Get a bid from you local heating and AC outfit if you are not comfortable with cutting through a roof.  .Get either a Modine, or a Mr Heater or anyone of a number of other brands.  Make sure it is a vented unit with a thermostat, and have it hung from the ceiling and vented outside.  I had one installed in a three car garage about 5 years ago.  I leave it set on about 50 or 55 and can crank it up to 75 with a bit of time. Don't go infra red, go with force air blower unit.  I leave mine turned off at the thermostat in the summer, and when it get cold I just flip the slider switch to on and set the thermostat to 55 degrees and if it is cold enough it will come right on .  About a half day job for my HVAC outfit to install it.  And it was about zero degrees that day.


----------



## Rickb (Jan 4, 2018)

I called my hvac guys and they said buy what I want and they will install it.  What size/model did you go with?  It sounds like exactly what I am wanting.


----------



## WiscWoody (Jan 5, 2018)

Rickb said:


> I called my hvac guys and they said buy what I want and they will install it.  What size/model did you go with?  It sounds like exactly what I am wanting.


I’ve had a few low profile hanging garage heaters and for a standard 20x22 two car garage in the Minneapolis area of Minnesota where it gets pretty cold a 45,000 BTU heater worked good but that was in a well insulated and dry walled garage with a insulated 16’ wide garage door. Also the garage was attached to the house which should help heat it some. You can figure your need from there. And I’d also go with a vented heater, the ventless gas heaters give off a lot of moisture and you don’t want that in a house or a garage for that matter plus they shut off when the oxygen levels go down just a bit for safety reasons..... you don’t want your heater shutting down when your trying to heat the place lol.. Something like this would be a better option for you.

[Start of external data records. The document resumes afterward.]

lemma weighted_interpolation_sum:
  fixes fu fv G Q QW W al l mu s e :: real
  assumes I1: "fv + G + mu / 2 * W + l / 2 * (Q - 2 * mu * QW + mu\<^sup>2 * W) \<le> fu"
    and I2: "fu - G - QW + mu / 2 * W + l / 2 * (Q - 2 * mu * QW + mu\<^sup>2 * W) \<le> fv"
    and al: "al \<ge> 0"
    and quad: "0 \<le> ((1 + 2 * al) * l - s) * Q - 2 * (al + (1 + 2 * al) * l * mu) * QW
      + ((1 + 2 * al) * mu * (1 + l * mu) - e) * W"
  shows "fv + G + s / 2 * Q + e / 2 * W \<le> fu"
proof -
  have "0 \<le> (1 + al) * (fu - (fv + G + mu / 2 * W + l / 2 * (Q - 2 * mu * QW + mu\<^sup>2 * W)))
      + al * (fv - (fu - G - QW + mu / 2 * W + l / 2 * (Q - 2 * mu * QW + mu\<^sup>2 * W)))"
    using I1 I2 al by (simp add: add_nonneg_nonneg)
  with quad show ?thesis
    by (simp add: field_simps power2_eq_square)
qed

lemma admissible_pair_descent:
  fixes f :: "'a::euclidean_space \<Rightarrow> real"
  assumes F: "FmuL mu L f" and muL: "ereal mu < L" and adm: "admissible_pair mu L s e"
    and su: "strong_subgrad mu f u gu" and sv: "strong_subgrad mu f v gv"
  shows "f v + inner gv (u - v) + s / 2 * (norm (gu - gv))\<^sup>2 + e / 2 * (norm (u - v))\<^sup>2 \<le> f u"
  using adm unfolding admissible_pair_def
proof (elim disjE exE conjE)
  assume "s = 0" "e \<le> mu"
  moreover have "e / 2 * (norm (u - v))\<^sup>2 \<le> mu / 2 * (norm (u - v))\<^sup>2"
    using \<open>e \<le> mu\<close> by (simp add: mult_right_mono)
  moreover have "f v + inner gv (u - v) + mu / 2 * (norm (u - v))\<^sup>2 \<le> f u"
    using sv by (simp add: strong_subgrad_def)
  ultimately show ?thesis by simp
next
  fix Lr al
  assume L: "L = ereal Lr" and al: "0 \<le> al" and form: "let l = 1 / (Lr - mu);
    a = (1 + 2 * al) * l - s; b = al + (1 + 2 * al) * l * mu; c = (1 + 2 * al) * mu * (1 + l * mu) - e
    in 0 \<le> a \<and> 0 \<le> c \<and> b\<^sup>2 \<le> a * c"
  define l where "l = 1 / (Lr - mu)"
  define w where "w = u - v"
  define q where "q = gu - gv"
  have FL: "FmuL mu (ereal Lr) f" and mL: "mu < Lr" using F muL L by auto
  have l2: "1 / (2 * (Lr - mu)) = l / 2" by (simp add: l_def)
  note nq = norm_diff_scaleR_power2[of q mu w]
  have "gv - gu - mu *\<^sub>R (v - u) = - (q - mu *\<^sub>R w)"
    by (simp add: q_def w_def algebra_simps)
  hence "norm (gv - gu - mu *\<^sub>R (v - u)) = norm (q - mu *\<^sub>R w)"
    by (simp only: norm_minus_cancel)
  moreover have "inner gu (v - u) = - inner gv w - inner q w" "norm (v - u) = norm w"
    by (simp_all add: q_def w_def inner_diff norm_minus_commute)
  ultimately have I2: "f u - inner gv w - inner q w + mu / 2 * (norm w)\<^sup>2
      + l / 2 * (norm (q - mu *\<^sub>R w))\<^sup>2 \<le> f v"
    using FmuL_interpolation[OF FL mL sv su] unfolding l2 by simp
  have I1: "f v + inner gv w + mu / 2 * (norm w)\<^sup>2 + l / 2 * (norm (q - mu *\<^sub>R w))\<^sup>2 \<le> f u"
    using FmuL_interpolation[OF FL mL su sv] unfolding l2 w_def q_def .
  have "f v + inner gv w + s / 2 * (norm q)\<^sup>2 + e / 2 * (norm w)\<^sup>2 \<le> f u"
    by (rule weighted_interpolation_sum[OF I1[unfolded nq] I2[unfolded nq] al
          quadratic_form_nonneg]) (use form in \<open>simp_all add: l_def Let_def\<close>)
  thus ?thesis by (simp add: w_def q_def)
qed

lemma admissible_pair_zero: "e \<le> mu \<Longrightarrow> admissible_pair mu L 0 e"
  by (simp add: admissible_pair_def)

lemma admissible_pairI:
  assumes "l = 1 / (Lr - mu)" "0 \<le> al" "0 \<le> (1 + 2 * al) * l - s"
    "0 \<le> (1 + 2 * al) * mu * (1 + l * mu) - e"
    "(al + (1 + 2 * al) * l * mu)\<^sup>2 \<le> ((1 + 2 * al) * l - s) * ((1 + 2 * al) * mu * (1 + l * mu) - e)"
  shows "admissible_pair mu (ereal Lr) s e"
  unfolding admissible_pair_def Let_def
  by (rule disjI2, rule exI[of _ Lr], rule exI[of _ al]) (use assms in auto)

lemma admissible_pair_interp:
  assumes "l = 1 / (Lr - mu)" "s \<le> l" "(l * mu)\<^sup>2 \<le> (l - s) * (mu * (1 + l * mu) - e)"
    "e \<le> mu * (1 + l * mu)"
  shows "admissible_pair mu (ereal Lr) s e"
  by (rule admissible_pairI[where al = 0]) (use assms in auto)

lemma admissible_pair_factor:
  assumes l: "l = 1 / (Lr - mu)" "l > 0" and al: "0 \<le> al" and k: "0 \<le> k"
    and a: "(1 + 2 * al) * l - s = k * l" and b: "al + (1 + 2 * al) * l * mu = lam * k * l"
    and c: "lam\<^sup>2 * k * l \<le> (1 + 2 * al) * mu * (1 + l * mu) - e"
  shows "admissible_pair mu (ereal Lr) s e"
proof (rule admissible_pairI[OF l(1) al])
  show "0 \<le> (1 + 2 * al) * l - s" unfolding a using k l by simp
  have "0 \<le> lam\<^sup>2 * k * l" using k l by simp
  thus "0 \<le> (1 + 2 * al) * mu * (1 + l * mu) - e" using c by linarith
  show "(al + (1 + 2 * al) * l * mu)\<^sup>2 \<le> ((1 + 2 * al) * l - s) * ((1 + 2 * al) * mu * (1 + l * mu) - e)"
    unfolding a b using mult_left_mono[OF c, of "k * l"] k l by (simp add: power2_eq_square mult_ac)
qed

lemma admissible_pair_large_s:
  assumes mu: "mu < Lr" and "1 \<le> s * (Lr + mu)" and "1 \<le> s * Lr" and "e \<le> Lr * (1 - s * Lr)"
  shows "admissible_pair mu (ereal Lr) s e"
proof (rule admissible_pair_factor[where al = "s * Lr - 1" and k = "s * (Lr + mu) - 1" and lam = Lr])
  have "(1 + 2 * (s * Lr - 1)) * mu * (1 + 1 / (Lr - mu) * mu) - Lr * (1 - s * Lr)
      = Lr\<^sup>2 * (s * (Lr + mu) - 1) * (1 / (Lr - mu))"
    using mu by (simp add: field_simps power2_eq_square)
  thus "Lr\<^sup>2 * (s * (Lr + mu) - 1) * (1 / (Lr - mu))
      \<le> (1 + 2 * (s * Lr - 1)) * mu * (1 + 1 / (Lr - mu) * mu) - e"
    using assms by linarith
qed (use assms in \<open>simp_all add: field_simps\<close>)

lemma admissible_pair_small_s:
  assumes mu: "mu < Lr" and "s * (Lr + mu) \<le> 1" and "s * mu \<le> 0" and "e \<le> mu * (1 - s * mu)"
  shows "admissible_pair mu (ereal Lr) s e"
proof (rule admissible_pair_factor[where al = "- s * mu" and k = "1 - s * (Lr + mu)" and lam = mu])
  have "(1 + 2 * (- s * mu)) * mu * (1 + 1 / (Lr - mu) * mu) - mu * (1 - s * mu)
      = mu\<^sup>2 * (1 - s * (Lr + mu)) * (1 / (Lr - mu))"
    using mu by (simp add: field_simps power2_eq_square)
  thus "mu\<^sup>2 * (1 - s * (Lr + mu)) * (1 / (Lr - mu))
      \<le> (1 + 2 * (- s * mu)) * mu * (1 + 1 / (Lr - mu) * mu) - e"
    using assms by linarith
qed (use assms in \<open>simp_all add: field_simps\<close>)

lemma admissible_sigma1:
  fixes l1 l2 mu1 :: real
  assumes "l2 \<le> l1" "mu1 < l2" "0 \<le> mu1"
  shows "admissible_pair mu1 (ereal l1) ((l2 - mu1) / (l2 * (l1 - mu1))) (mu1 * (l1 - l2) / (l1 - mu1))"
proof (rule admissible_pair_interp[OF refl])
  have nz: "l2 \<noteq> 0" "l1 \<noteq> mu1" using assms by auto
  have a: "1 / (l1 - mu1) - (l2 - mu1) / (l2 * (l1 - mu1)) = mu1 / (l2 * (l1 - mu1))"
    and c: "mu1 * (1 + 1 / (l1 - mu1) * mu1) - mu1 * (l1 - l2) / (l1 - mu1) = mu1 * l2 / (l1 - mu1)"
    using nz by (simp_all add: divide_simps) (simp_all add: algebra_simps)
  have "0 \<le> mu1 / (l2 * (l1 - mu1))" "0 \<le> mu1 * l2 / (l1 - mu1)" using assms by simp_all
  thus "(l2 - mu1) / (l2 * (l1 - mu1)) \<le> 1 / (l1 - mu1)"
    and "mu1 * (l1 - l2) / (l1 - mu1) \<le> mu1 * (1 + 1 / (l1 - mu1) * mu1)"
    using a c by linarith+
  show "(1 / (l1 - mu1) * mu1)\<^sup>2 \<le> (1 / (l1 - mu1) - (l2 - mu1) / (l2 * (l1 - mu1)))
      * (mu1 * (1 + 1 / (l1 - mu1) * mu1) - mu1 * (l1 - l2) / (l1 - mu1))"
    unfolding a c using nz by (simp add: power2_eq_square)
qed

lemma admissible_sigma1p:
  fixes l1 l2 mu1 mu2 :: real
  assumes l: "l2 \<le> l1" "mu1 < l2" "0 \<le> mu1" "mu2 < l2"
    and cnd: "mu2 \<ge> 0 \<or> (mu1 > - mu2 \<and> - mu2 > 0 \<and> 1/mu1 + 1/mu2 + 1/l2 \<le> (1/l1) * (2 + l2/mu2))"
  defines "s \<equiv> (1/l2) * (1 + mu1 * (l1 - l2) / (l2 * (l1 - mu1)))"
  shows "admissible_pair mu2 (ereal l2) s (- (mu1 * (l1 - l2) / (l1 - mu1)))"
proof (rule admissible_pair_large_s)
  have r: "0 \<le> mu1 * (l1 - l2) / (l2 * (l1 - mu1))" using l by simp
  have sl: "s * l2 = 1 + mu1 * (l1 - l2) / (l2 * (l1 - mu1))" using l by (simp add: s_def)
  thus "1 \<le> s * l2" using r by simp
  show "- (mu1 * (l1 - l2) / (l1 - mu1)) \<le> l2 * (1 - s * l2)"
    unfolding sl using l by (simp add: field_simps)
  show "1 \<le> s * (l2 + mu2)"
  proof (cases "mu2 \<ge> 0")
    case True
    moreover have "0 \<le> s" using r l by (simp add: s_def)
    ultimately show ?thesis using sl r by (simp add: distrib_left)
  next
    case False
    hence c: "mu1 > - mu2" "mu2 < 0" "1/mu1 + 1/mu2 + 1/l2 \<le> (1/l1) * (2 + l2/mu2)" using cnd by auto
    define D where "D = mu1 * l1 * l2 - mu1 * l2\<^sup>2 + mu2 * l1 * l2 + mu1 * mu2 * l1 - 2 * mu1 * mu2 * l2"
    have neg: "mu1 * mu2 * l1 * l2 < 0" using c l by (simp add: mult_pos_neg mult_neg_pos)
    have "(1/l1) * (2 + l2/mu2) - (1/mu1 + 1/mu2 + 1/l2) = - D / (mu1 * mu2 * l1 * l2)"
      using c l by (simp add: D_def field_simps power2_eq_square)
    hence "0 \<le> - D / (mu1 * mu2 * l1 * l2)" using c(3) by simp
    hence "0 \<le> D" using neg by (simp add: divide_le_0_iff)
    moreover have "0 < l2\<^sup>2 * (l1 - mu1)" using l by simp
    ultimately have "0 \<le> D / (l2\<^sup>2 * (l1 - mu1))" by simp
    moreover have "s * (l2 + mu2) - 1 = D / (l2\<^sup>2 * (l1 - mu1))"
      using c l by (simp add: s_def D_def field_simps power2_eq_square)
    ultimately show ?thesis by simp
  qed
qed (use l in simp)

https://www.menards.com/main/heatin...665-c-6865.htm?tid=1388758813408331405&ipos=2


----------



## Rickb (Oct 5, 2019)

Why did you respond to a thread that was over a year and half old.....  The heater has been bought and installed a long time. lol


----------



## WiscWoody (Oct 5, 2019)

I’d think it’s because they are new and that’s the first message they’ve posted on the site. They were probably just looking at old posts and maybe didn’t realize it was a old thread and trying to be helpful.. anyways, welcome to the forums Noah21!


----------